3 June 2003

Well connected

I had hoped to give you the definitive story about the Hall/Ryan relationship this week but, unfortunately, my Pembroke Dock mole has got cold feet.
I have despatched two pairs of woolly socks.
However, I have some interesting information from the Irish Company Registration Office (ICRO) website which should help to keep the pot boiling.
According to accounts recently filed at ICRO, O'Riain Associates International Ltd (aka ORA International) which, its recently disappeared website claimed, has branches in Poland, Czechoslovakia and Japan, and which boasted of 42 "successfully completed major projects" worldwide, including one in Pembrokeshire, posted a loss of Euro 4,189 (£3,000) for 2002.
This loss follows a surplus of E3,505 (£2,400) in 2001 and a deficit of E10,314 (£6,800) in 2000.
Vodaphone it ain't!
Not that Dr Ryan is without influence.
The accounts record that, despite struggling to turn a profit on the company's £450-a-day (+ expenses) contract with Pembrokeshire County Council, ORA managed to scrape together enough spare cash to make a contribution of E1000 to Fianna Fail and a further E500 to a Mr Seamus Brennan, who doubles as Chief Whip and Minister of Transport in the Irish government.
That in addition to being the business partner of Pembrokeshire's Minister of Transportation and the Environment Cllr Brian Hall.
He sure moves in exalted circles!

As before

I have recently acquired a copy of the, less than complimentary, Audit Commission report on Social Services in Pembrokeshire.
The report's summary records: "Political leadership has not been strong in setting a strategic direction or in scrutiny.
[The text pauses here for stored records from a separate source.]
lemma sgn_in_Delta:
  assumes nb: "delaunay_nb P p q" and "z \<noteq> 0"
    and tangent: "(cross z (q - p))\<^sup>2 = 4 * (z \<bullet> z)"
  shows "sgn z \<in> Delta P"
proof -
  have "cross (sgn z) (q - p) = cross z (q - p) / norm z"
    by (simp add: sgn_div_norm cross_def divide_inverse algebra_simps)
  then have "(cross (sgn z) (q - p))\<^sup>2 = 2\<^sup>2"
    using tangent \<open>z \<noteq> 0\<close> by (simp add: power_divide power2_norm_eq_inner)
  then have "cross (sgn z) (q - p) = 2 \<or> cross (sgn z) (q - p) = -2"
    by (simp only: power2_eq_iff)
  moreover have "cross (sgn z) (p - midpoint p q) = - cross (sgn z) (q - p) / 2"
    and "cross (sgn z) (q - midpoint p q) = cross (sgn z) (q - p) / 2"
    by (simp_all add: midpoint_def cross_def algebra_simps)
  ultimately show ?thesis
    unfolding Delta_def using nb \<open>z \<noteq> 0\<close> norm_sgn[of z]
    by (intro CollectI conjI exI[of _ p] exI[of _ q] exI[of _ "midpoint p q"]) auto
qed

lemma uminus_in_Delta:
  assumes "u \<in> Delta P"
  shows "- u \<in> Delta P"
proof -
  obtain s s' a where "norm u = 1" "delaunay_nb P s s'"
    "(cross u (s - a) = 1 \<and> cross u (s' - a) = -1) \<or> (cross u (s - a) = -1 \<and> cross u (s' - a) = 1)"
    using assms unfolding Delta_def by blast
  moreover have "cross (- u) y = - cross u y" for y by (simp add: cross_def)
  ultimately show ?thesis
    unfolding Delta_def mem_Collect_eq by (intro conjI exI[of _ s] exI[of _ s'] exI[of _ a]) auto
qed

lemma dir_angle_less:
  assumes "norm \<delta> = 1" "norm u = 1" and "cos x < \<delta> \<bullet> u" "0 \<le> x" "x \<le> pi"
  shows "dir_angle \<delta> u < x"
proof -
  have "\<delta> \<bullet> u \<le> 1" using norm_cauchy_schwarz[of \<delta> u] assms by simp
  then have "arccos (\<delta> \<bullet> u) < arccos (cos x)"
    using assms by (intro arccos_less_arccos) auto
  then show ?thesis using arccos_cos assms by (simp add: dir_angle_def)
qed

text \<open>For the small
  angles used here the slope condition follows from the angle condition; stating it separately
  keeps trigonometry out of the geometric arguments.\<close>
definition in_cone :: "point \<Rightarrow> real \<Rightarrow> point \<Rightarrow> bool" where
  "in_cone \<delta> x w \<longleftrightarrow> 0 < w \<bullet> \<delta> \<and> 64 * (cross \<delta> w)\<^sup>2 < (w \<bullet> \<delta>)\<^sup>2 \<and> cos x * norm w < w \<bullet> \<delta>"

lemma in_cone_uminus [simp]: "in_cone (- \<delta>) x (- w) \<longleftrightarrow> in_cone \<delta> x w"
  by (simp add: in_cone_def cross_def)

lemma inner_ray_ge_4:
  fixes d w :: point
  assumes "4 \<le> d \<bullet> d" "0 \<le> t" "w \<noteq> 0" and "d \<bullet> w \<le> 0 \<or> 4 * (w \<bullet> w) \<le> (cross w d)\<^sup>2"
  shows "4 \<le> (d - t *\<^sub>R w) \<bullet> (d - t *\<^sub>R w)"
  using assms(4)
proof
  assume "d \<bullet> w \<le> 0"
  then have "t * (d \<bullet> w) \<le> 0" "0 \<le> t * t * (w \<bullet> w)"
    using \<open>0 \<le> t\<close> by (simp_all add: mult_nonneg_nonpos)
  moreover have "(d - t *\<^sub>R w) \<bullet> (d - t *\<^sub>R w) = d \<bullet> d - 2*t*(d \<bullet> w) + t*t*(w \<bullet> w)"
    by (simp add: inner_diff inner_commute algebra_simps)
  ultimately show ?thesis using \<open>4 \<le> d \<bullet> d\<close> by linarith
next
  assume "4 * (w \<bullet> w) \<le> (cross w d)\<^sup>2"
  also have "(cross w d)\<^sup>2 = (cross w (d - t *\<^sub>R w))\<^sup>2"
    by (simp add: cross_def algebra_simps)
  also have "\<dots> \<le> (w \<bullet> w) * ((d - t *\<^sub>R w) \<bullet> (d - t *\<^sub>R w))"
    using cross_sq_add_inner_sq[of w "d - t *\<^sub>R w"] zero_le_power2[of "w \<bullet> (d - t *\<^sub>R w)"]
    by linarith
  finally show ?thesis
    using \<open>w \<noteq> 0\<close> by (simp add: mult.commute)
qed

lemma dist_ray_ge_2:
  assumes P: "valid_config P" and \<delta>: "norm \<delta> = 1"
    and angle: "\<forall>u\<in>Delta P. x \<le> dir_angle \<delta> u" and x: "0 \<le> x" "x \<le> pi"
    and "p0 \<in> P" "p \<in> P" "p0 \<noteq> p" and behind: "p \<bullet> \<delta> \<le> p0 \<bullet> \<delta>"
    and cone: "in_cone \<delta> x w" and "0 \<le> t"
  shows "2 \<le> dist p (p0 + t *\<^sub>R w)"
proof -
  define d where "d = p - p0"
  have fwd: "0 < w \<bullet> \<delta>" and flat: "64 * (cross \<delta> w)\<^sup>2 < (w \<bullet> \<delta>)\<^sup>2"
    and cw: "cos x * norm w < w \<bullet> \<delta>"
    using cone by (simp_all add: in_cone_def)
  have "2 \<le> dist p0 p" using P assms(6-8) by (simp add: valid_config_def)
  then have far: "4 \<le> d \<bullet> d"
    using power_mono[of 2 "dist p0 p" 2] by (simp add: d_def dist_norm power2_norm_eq_inner norm_minus_commute)
  have "d \<bullet> w \<le> 0 \<or> 4 * (w \<bullet> w) \<le> (cross w d)\<^sup>2"
  proof (rule ccontr)
    assume "\<not> ?thesis"
    then have dw: "0 < d \<bullet> w" and near: "(cross w d)\<^sup>2 < 4 * (w \<bullet> w)" by auto
    have "d \<bullet> \<delta> \<le> 0" using behind by (simp add: d_def inner_diff_left)
    then obtain z where zd: "z \<bullet> \<delta> = w \<bullet> \<delta>" and zw: "z \<bullet> z \<le> w \<bullet> w"
      and tangent: "(cross z d)\<^sup>2 = 4 * (z \<bullet> z)"
      using tangent_direction_exists[OF \<delta> _ far fwd dw near] by blast
    have "(dist p0 p)\<^sup>2 < 8"
      using inner_self_lt_8_if_flat[OF \<delta> \<open>d \<bullet> \<delta> \<le> 0\<close> fwd dw near flat]
      by (simp add: d_def dist_norm power2_norm_eq_inner norm_minus_commute)
    then have "delaunay_nb P p0 p" using delaunay_nb_if_close P assms(6-8) by blast
    moreover have "z \<noteq> 0" using zd fwd by auto
    ultimately have "sgn z \<in> Delta P" using sgn_in_Delta tangent by (simp add: d_def)
    moreover have "dir_angle \<delta> (sgn z) < x"
    proof (rule dir_angle_less[OF \<delta> _ _ x])
      show "norm (sgn z) = 1" using \<open>z \<noteq> 0\<close> by (simp add: norm_sgn)
      have "norm z \<le> norm w" using zw by (simp add: norm_le)
      then have "cos x * norm z \<le> max 0 (cos x * norm w)"
        by (cases "cos x < 0") (auto simp: mult_le_0_iff intro: mult_left_mono)
      then have "cos x * norm z < w \<bullet> \<delta>" using cw fwd by linarith
      then show "cos x < \<delta> \<bullet> sgn z"
        using \<open>z \<noteq> 0\<close> zd by (simp add: sgn_div_norm inner_commute field_simps)
    qed
    ultimately show False using angle by force
  qed
  moreover have "w \<noteq> 0" using fwd by auto
  ultimately have "4 \<le> (d - t *\<^sub>R w) \<bullet> (d - t *\<^sub>R w)"
    using inner_ray_ge_4[OF far \<open>0 \<le> t\<close>] by blast
  then have "2\<^sup>2 \<le> (dist p (p0 + t *\<^sub>R w))\<^sup>2"
    by (simp add: d_def dist_norm power2_norm_eq_inner algebra_simps)
  then show ?thesis by (rule power2_le_imp_le) simp
qed
lemma bij_betw_pointwise_add:
  fixes \<delta> :: "nat \<Rightarrow> nat"
  shows "bij_betw (\<lambda>(\<alpha>, \<beta>). (\<lambda>i. \<alpha> i + \<beta> i, \<alpha>))
           (SIGMA \<alpha>:{\<alpha>. \<forall>i. \<alpha> i \<le> \<delta> i}. {\<beta>. \<forall>i. \<beta> i \<le> \<delta> i - \<alpha> i})
           (SIGMA \<gamma>:{\<gamma>. \<forall>i. \<gamma> i \<le> \<delta> i}. {\<alpha>. \<forall>i. \<alpha> i \<le> \<gamma> i})"
proof (rule bij_betw_byWitness[where f' = "\<lambda>(\<gamma>, \<alpha>). (\<alpha>, \<lambda>i. \<gamma> i - \<alpha> i)"])
  show "(\<lambda>(\<alpha>, \<beta>). (\<lambda>i. \<alpha> i + \<beta> i, \<alpha>)) ` (SIGMA \<alpha>:{\<alpha>. \<forall>i. \<alpha> i \<le> \<delta> i}. {\<beta>. \<forall>i. \<beta> i \<le> \<delta> i - \<alpha> i})
      \<subseteq> (SIGMA \<gamma>:{\<gamma>. \<forall>i. \<gamma> i \<le> \<delta> i}. {\<alpha>. \<forall>i. \<alpha> i \<le> \<gamma> i})"
    by (auto simp: le_diff_conv2 add.commute)
  show "(\<lambda>(\<gamma>, \<alpha>). (\<alpha>, \<lambda>i. \<gamma> i - \<alpha> i)) ` (SIGMA \<gamma>:{\<gamma>. \<forall>i. \<gamma> i \<le> \<delta> i}. {\<alpha>. \<forall>i. \<alpha> i \<le> \<gamma> i})
      \<subseteq> (SIGMA \<alpha>:{\<alpha>. \<forall>i. \<alpha> i \<le> \<delta> i}. {\<beta>. \<forall>i. \<beta> i \<le> \<delta> i - \<alpha> i})"
    by (auto simp: diff_le_mono) (meson order.trans)
qed (auto simp: fun_eq_iff)

lemma skew_mult_assoc:
  assumes aut: "\<forall>i<k. ring_aut (\<tau> i)" and comm: "\<forall>i<k. \<forall>j<k. \<tau> i \<circ> \<tau> j = \<tau> j \<circ> \<tau> i"
  shows "skew_mult \<tau> k (skew_mult \<tau> k p q) r = skew_mult \<tau> k p (skew_mult \<tau> k q r)"
proof
  fix \<delta> :: "nat \<Rightarrow> nat"
  define below where "below = (\<lambda>\<gamma>. {\<alpha>::nat \<Rightarrow> nat. \<forall>i. \<alpha> i \<le> \<gamma> i})"
  define T where "T = taupow \<tau> k"
  define f where "f = (\<lambda>(\<gamma>, \<alpha>). p \<alpha> * T \<alpha> (q (\<lambda>i. \<gamma> i - \<alpha> i)) * T \<gamma> (r (\<lambda>i. \<delta> i - \<gamma> i)))"
  have mult: "skew_mult \<tau> k p' q' \<gamma> = (\<Sum>\<alpha>\<in>below \<gamma>. p' \<alpha> * T \<alpha> (q' (\<lambda>i. \<gamma> i - \<alpha> i)))" for p' q' \<gamma>
    by (simp add: skew_mult_def below_def T_def)
  show "skew_mult \<tau> k (skew_mult \<tau> k p q) r \<delta> = skew_mult \<tau> k p (skew_mult \<tau> k q r) \<delta>"
  proof (cases "finite (below \<delta>)")
    case False
    \<comment> \<open>\<open>\<delta>\<close> has infinite support; both sides are sums over the infinite set \<open>below \<delta>\<close>, hence \<open>0\<close>\<close>
    then show ?thesis
      by (simp add: mult)
  next
    case True
    have finite_below: "finite {\<alpha>. \<forall>i. \<alpha> i \<le> \<gamma> i}" if "\<forall>i. \<gamma> i \<le> \<delta> i" for \<gamma>
      using that by (intro finite_subset[OF _ True]) (auto simp: below_def intro: order.trans)
    have "skew_mult \<tau> k (skew_mult \<tau> k p q) r \<delta> = (\<Sum>\<gamma>\<in>below \<delta>. \<Sum>\<alpha>\<in>below \<gamma>. f (\<gamma>, \<alpha>))"
      by (simp add: mult f_def sum_distrib_right)
    also have "\<dots> = (\<Sum>(\<gamma>, \<alpha>)\<in>Sigma (below \<delta>) below. f (\<gamma>, \<alpha>))"
      using True finite_below by (intro sum.Sigma) (simp_all add: below_def)
    \<comment> \<open>substitute \<open>\<gamma> = \<alpha> + \<beta>\<close>\<close>
    also have "\<dots> = (\<Sum>(\<alpha>, \<beta>)\<in>Sigma (below \<delta>) (\<lambda>\<alpha>. below (\<lambda>i. \<delta> i - \<alpha> i)). f (\<lambda>i. \<alpha> i + \<beta> i, \<alpha>))"
      using sum.reindex_bij_betw[OF bij_betw_pointwise_add[of \<delta>], of f]
      by (simp add: below_def case_prod_unfold)
    also have "\<dots> = (\<Sum>\<alpha>\<in>below \<delta>. \<Sum>\<beta>\<in>below (\<lambda>i. \<delta> i - \<alpha> i). f (\<lambda>i. \<alpha> i + \<beta> i, \<alpha>))"
      using True finite_below by (intro sum.Sigma[symmetric]) (simp_all add: below_def)
    also have "\<dots> = skew_mult \<tau> k p (skew_mult \<tau> k q r) \<delta>"
      using ring_aut_taupow[OF aut] taupow_add[OF comm]
      by (simp add: mult f_def T_def sum_distrib_left ring_aut_sum ring_aut_mult mult.assoc)
    finally show ?thesis .
  qed
qed

lemma ring_skew_poly_ring:
  assumes aut: "\<forall>i<k. ring_aut (\<tau> i)" and comm: "\<forall>i<k. \<forall>j<k. \<tau> i \<circ> \<tau> j = \<tau> j \<circ> \<tau> i"
  shows "ring (skew_poly_ring \<tau> k)"
proof (rule ringI)
  show "abelian_group (skew_poly_ring \<tau> k)"
  proof (rule abelian_groupI)
    fix p assume "p \<in> carrier (skew_poly_ring \<tau> k)"
    then show "\<exists>q\<in>carrier (skew_poly_ring \<tau> k). q \<oplus>\<^bsub>skew_poly_ring \<tau> k\<^esub> p = \<zero>\<^bsub>skew_poly_ring \<tau> k\<^esub>"
      by (intro bexI[of _ "\<lambda>\<alpha>. - p \<alpha>"]) (simp_all add: skew_poly_ring_def skew_uminus_closed)
  qed (auto simp: skew_poly_ring_def skew_add_closed add.assoc add.commute skew_zero_in_carrier)
  show "monoid (skew_poly_ring \<tau> k)"
    by (rule monoidI)
      (simp_all add: skew_poly_ring_def skew_mult_closed[OF aut] skew_const_in_carrier
        skew_mult_assoc[OF aut comm] skew_one_mult skew_mult_one[OF aut])
qed (simp_all add: skew_poly_ring_def skew_mult_add_left skew_mult_add_right[OF aut])

definition skew_truncate :: "nat \<Rightarrow> ((nat \<Rightarrow> nat) \<Rightarrow> 'a::zero) \<Rightarrow> (nat \<Rightarrow> nat) \<Rightarrow> 'a" where
  "skew_truncate r p = (\<lambda>\<alpha>. if \<forall>i\<ge>r. \<alpha> i = 0 then p \<alpha> else 0)"

lemma skew_truncate_id: "p \<in> skew_carrier r \<Longrightarrow> skew_truncate r p = p"
  by (auto simp: skew_truncate_def skew_carrier_def fun_eq_iff)

lemma skew_truncate_add:
  fixes p q :: "(nat \<Rightarrow> nat) \<Rightarrow> 'a::monoid_add"
  shows "skew_truncate r (\<lambda>\<alpha>. p \<alpha> + q \<alpha>) = (\<lambda>\<alpha>. skew_truncate r p \<alpha> + skew_truncate r q \<alpha>)"
  by (rule ext) (auto simp: skew_truncate_def)

lemma skew_truncate_in_carrier: "p \<in> skew_carrier n \<Longrightarrow> skew_truncate r p \<in> skew_carrier r"
  by (auto simp: skew_truncate_def skew_carrier_def elim: finite_subset[rotated])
This is set to improve under new political structures."
And the people supplying the political leadership under these "new structures"?
Why, none other than Cllr Bill Hitchings, in charge of policies for the Aged and Infirm, and Roy "Six-foot-under" Folland, whose remit is Health and Welfare.
And who was in charge while the service was going down the tubes?
Why, none other than Cllr Bill Hitchings (Chairman of Social Services 1996-98) and Roy Folland (Vice Chairman 1998-99 and Chairman 1999-2002).
More recently, His Leadership, Cllr Maurice Hughes, has given these two political titans a vote of confidence by appointing them, together with himself, to provide democratic accountability as County Council representatives on the Local Health Group Board.
Heaven help us!


During last October's annual trawl through the County Council's books I came across some irregularities in expense claims submitted by Cllr Hitchings.
These included two trips to London for which he had claimed subsistence allowances of £91.04 and £94.03.
According to a document entitled: "Payments made to Cllr W H Hitchings for the year 2001/2002", which was part of the audit inspection, Cllr Hitchings had been paid these amounts even though no receipts had been provided to support the claims.
Following another trip to London, on 30 January 2002, Cllr Hitchings submitted a claim for £94.03 and was sent a standard letter informing him that the claim was being disallowed for lack of receipts.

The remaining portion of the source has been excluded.